RECORDS FOR THIS TASK Start Marker

definition nalg :: "'b nalg \<Rightarrow> bool" where
  "nalg A \<longleftrightarrow>
     finite (atoms A) \<and> ident A \<subseteq> atoms A \<and>
     (\<forall>x. x \<subseteq> atoms A \<longrightarrow> conv A x \<subseteq> atoms A) \<and>
     (\<forall>x y. x \<subseteq> atoms A \<longrightarrow> y \<subseteq> atoms A \<longrightarrow> comp A x y \<subseteq> atoms A) \<and>
     (\<forall>x y z. x \<subseteq> atoms A \<longrightarrow> y \<subseteq> atoms A \<longrightarrow> z \<subseteq> atoms A \<longrightarrow>
        conv A (conv A x) = x \<and>
        conv A (x \<union> y) = conv A x \<union> conv A y \<and>
        conv A (comp A x y) = comp A (conv A y) (conv A x) \<and>
        comp A (ident A) x = x \<and> comp A x (ident A) = x \<and>
        comp A x (y \<union> z) = comp A x y \<union> comp A x z \<and>
        ((comp A x y \<inter> conv A z = {}) \<longleftrightarrow> (comp A y z \<inter> conv A x = {})))"

text \<open>Components are indexed by 0..<dim M; prj M i j is the
projection operator from component i to component j.\<close>

record 'b malg =
  dim :: nat
  alg :: "nat \<Rightarrow> 'b nalg"
  prj :: "nat \<Rightarrow> nat \<Rightarrow> 'b set \<Rightarrow> 'b set"

definition malg :: "'b malg \<Rightarrow> bool" where
  "malg M \<longleftrightarrow>
     (\<forall>i<dim M. nalg (alg M i)) \<and>
     (\<forall>i<dim M. \<forall>j<dim M. i \<noteq> j \<longrightarrow>
        (\<forall>r. r \<subseteq> atoms (alg M i) \<longrightarrow> prj M i j r \<subseteq> atoms (alg M j)) \<and>
        (\<forall>r r'. r \<subseteq> atoms (alg M i) \<longrightarrow> r' \<subseteq> atoms (alg M i) \<longrightarrow>
            prj M i j (r \<union> r') = prj M i j r \<union> prj M i j r') \<and>
        (\<forall>r. r \<subseteq> atoms (alg M i) \<longrightarrow>
            prj M i j (conv (alg M i) r) = conv (alg M j) (prj M i j r)))"

definition rels :: "'b malg \<Rightarrow> (nat \<Rightarrow> 'b set) set" where
  "rels M = {R. (\<forall>i<dim M. R i \<subseteq> atoms (alg M i)) \<and> (\<forall>i. dim M \<le> i \<longrightarrow> R i = {})}"

definition msub :: "'b malg \<Rightarrow> (nat \<Rightarrow> 'b set) \<Rightarrow> (nat \<Rightarrow> 'b set) \<Rightarrow> bool" where
  "msub M R S \<longleftrightarrow> (\<forall>i<dim M. R i \<subseteq> S i)"

definition mcomp :: "'b malg \<Rightarrow> (nat \<Rightarrow> 'b set) \<Rightarrow> (nat \<Rightarrow> 'b set) \<Rightarrow> (nat \<Rightarrow> 'b set)" where
  "mcomp M R S = (\<lambda>i. if i < dim M then comp (alg M i) (R i) (S i) else {})"

definition minter :: "'b malg \<Rightarrow> (nat \<Rightarrow> 'b set) \<Rightarrow> (nat \<Rightarrow> 'b set) \<Rightarrow> (nat \<Rightarrow> 'b set)" where
  "minter M R S = (\<lambda>i. if i < dim M then R i \<inter> S i else {})"

definition mconv :: "'b malg \<Rightarrow> (nat \<Rightarrow> 'b set) \<Rightarrow> (nat \<Rightarrow> 'b set)" where
  "mconv M R = (\<lambda>i. if i < dim M then conv (alg M i) (R i) else {})"

definition proj_closed :: "'b malg \<Rightarrow> (nat \<Rightarrow> 'b set) \<Rightarrow> bool" where
  "proj_closed M R \<longleftrightarrow>
     (\<forall>i<dim M. \<forall>j<dim M. i \<noteq> j \<longrightarrow> R j \<subseteq> prj M i j (R i))"

definition proj_step :: "'b malg \<Rightarrow> (nat \<Rightarrow> 'b set) \<Rightarrow> (nat \<Rightarrow> 'b set) \<Rightarrow> bool" where
  "proj_step M R R' \<longleftrightarrow>
     (\<exists>i<dim M. \<exists>j<dim M. i \<noteq> j \<and> R' = R(j := R j \<inter> prj M i j (R i)))"

definition proj_closure_of :: "'b malg \<Rightarrow> (nat \<Rightarrow> 'b set) \<Rightarrow> (nat \<Rightarrow> 'b set) \<Rightarrow> bool" where
  "proj_closure_of M R S \<longleftrightarrow> (proj_step M)\<^sup>*\<^sup>* R S \<and> proj_closed M S"

definition is_subclass :: "'b malg \<Rightarrow> (nat \<Rightarrow> 'b set) set \<Rightarrow> bool" where
  "is_subclass M S \<longleftrightarrow> S \<subseteq> rels M \<and>
     (\<forall>R\<in>S. \<forall>R'\<in>S. mcomp M R R' \<in> S \<and> minter M R R' \<in> S) \<and>
     (\<forall>R\<in>S. mconv M R \<in> S)"

definition slice :: "(nat \<Rightarrow> 'b set) set \<Rightarrow> nat \<Rightarrow> 'b set set" where
  "slice S i = {R i | R. R \<in> S}"

definition proj_closed_class :: "'b malg \<Rightarrow> (nat \<Rightarrow> 'b set) set \<Rightarrow> bool" where
  "proj_closed_class M S \<longleftrightarrow> (\<forall>R\<in>S. \<forall>T. proj_closure_of M R T \<longrightarrow> T \<in> S)"

definition proj_distributive :: "'b malg \<Rightarrow> (nat \<Rightarrow> 'b set) set \<Rightarrow> bool" where
  "proj_distributive M S \<longleftrightarrow>
     (\<forall>i<dim M. \<forall>j<dim M. i \<noteq> j \<longrightarrow>
        (\<forall>r\<in>slice S i. \<forall>r'\<in>slice S i.
           (comp (alg M i) r r' \<noteq> {} \<longrightarrow>
              comp (alg M j) (prj M i j r) (prj M i j r') \<subseteq> prj M i j (comp (alg M i) r r')) \<and>
           (r \<inter> r' \<noteq> {} \<longrightarrow>
              prj M i j r \<inter> prj M i j r' \<subseteq> prj M i j (r \<inter> r'))))"

type_synonym ('v, 'b) network = "'v \<Rightarrow> 'v \<Rightarrow> (nat \<Rightarrow> 'b set)"

definition network :: "'b malg \<Rightarrow> (nat \<Rightarrow> 'b set) set \<Rightarrow> 'v set \<Rightarrow> ('v, 'b) network \<Rightarrow> bool" where
  "network M S E N \<longleftrightarrow> finite E \<and>
     (\<forall>x\<in>E. \<forall>y\<in>E. x \<noteq> y \<longrightarrow> N x y \<in> S \<and> N y x = mconv M (N x y))"

definition triv_inconsistent :: "'b malg \<Rightarrow> 'v set \<Rightarrow> ('v, 'b) network \<Rightarrow> bool" where
  "triv_inconsistent M E N \<longleftrightarrow>
     (\<exists>x\<in>E. \<exists>y\<in>E. x \<noteq> y \<and> (\<exists>i<dim M. N x y i = {}))"

definition comp_closed_net :: "'b malg \<Rightarrow> 'v set \<Rightarrow> ('v, 'b) network \<Rightarrow> bool" where
  "comp_closed_net M E N \<longleftrightarrow>
     (\<forall>x\<in>E. \<forall>y\<in>E. \<forall>z\<in>E. x \<noteq> y \<and> y \<noteq> z \<and> x \<noteq> z \<longrightarrow>
        msub M (N x z) (mcomp M (N x y) (N y z)))"

definition proj_closed_net :: "'b malg \<Rightarrow> 'v set \<Rightarrow> ('v, 'b) network \<Rightarrow> bool" where
  "proj_closed_net M E N \<longleftrightarrow> (\<forall>x\<in>E. \<forall>y\<in>E. x \<noteq> y \<longrightarrow> proj_closed M (N x y))"

definition alg_consistent :: "'b malg \<Rightarrow> 'v set \<Rightarrow> ('v, 'b) network \<Rightarrow> bool" where
  "alg_consistent M E N \<longleftrightarrow>
     comp_closed_net M E N \<and> proj_closed_net M E N \<and> \<not> triv_inconsistent M E N"

text \<open>One step of the composition closure: N^{xz} := N^{xz} \<inter> (N^{xy} \<diamond> N^{yz}),
with N^{zx} updated to the converse so the result remains a network.\<close>
definition comp_step :: "'b malg \<Rightarrow> 'v set \<Rightarrow> ('v, 'b) network \<Rightarrow> ('v, 'b) network \<Rightarrow> bool" where
  "comp_step M E N N' \<longleftrightarrow>
     (\<exists>x\<in>E. \<exists>y\<in>E. \<exists>z\<in>E. x \<noteq> y \<and> y \<noteq> z \<and> x \<noteq> z \<and>
        (let r = minter M (N x z) (mcomp M (N x y) (N y z)) in
         N' = N(x := (N x)(z := r), z := (N z)(x := mconv M r))))"

definition dissociable_net :: "'b malg \<Rightarrow> 'v set \<Rightarrow> ('v, 'b) network \<Rightarrow> bool" where
  "dissociable_net M E N \<longleftrightarrow>
     (\<forall>N1 N2.
        (\<forall>x\<in>E. \<forall>y\<in>E. x \<noteq> y \<longrightarrow> proj_closure_of M (N x y) (N1 x y)) \<and>
        (comp_step M E)\<^sup>*\<^sup>* N1 N2 \<and> comp_closed_net M E N2 \<longrightarrow>
        alg_consistent M E N2 \<or> triv_inconsistent M E N2)"

definition dissociable :: "'b malg \<Rightarrow> (nat \<Rightarrow> 'b set) set \<Rightarrow> 'v itself \<Rightarrow> bool" where
  "dissociable M S (_ :: 'v itself) \<longleftrightarrow>
     (\<forall>(E :: 'v set) N. network M S E N \<longrightarrow> dissociable_net M E N)"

RECORDS FOR THIS TASK End Marker

* **AIM OF THE EXERCISE**
Take the first line of the material above as the start and the line that contains "conv A (conv A x) = x \<and>" as the end. Output only that span, every line exactly as it stands.

* **RESPONSE BELOW**
definition nalg :: "'b nalg \<Rightarrow> bool" where
  "nalg A \<longleftrightarrow>
     finite (atoms A) \<and> ident A \<subseteq> atoms A \<and>
     (\<forall>x. x \<subseteq> atoms A \<longrightarrow> conv A x \<subseteq> atoms A) \<and>
     (\<forall>x y. x \<subseteq> atoms A \<longrightarrow> y \<subseteq> atoms A \<longrightarrow> comp A x y \<subseteq> atoms A) \<and>
     (\<forall>x y z. x \<subseteq> atoms A \<longrightarrow> y \<subseteq> atoms A \<longrightarrow> z \<subseteq> atoms A \<longrightarrow>
        conv A (conv A x) = x \<and>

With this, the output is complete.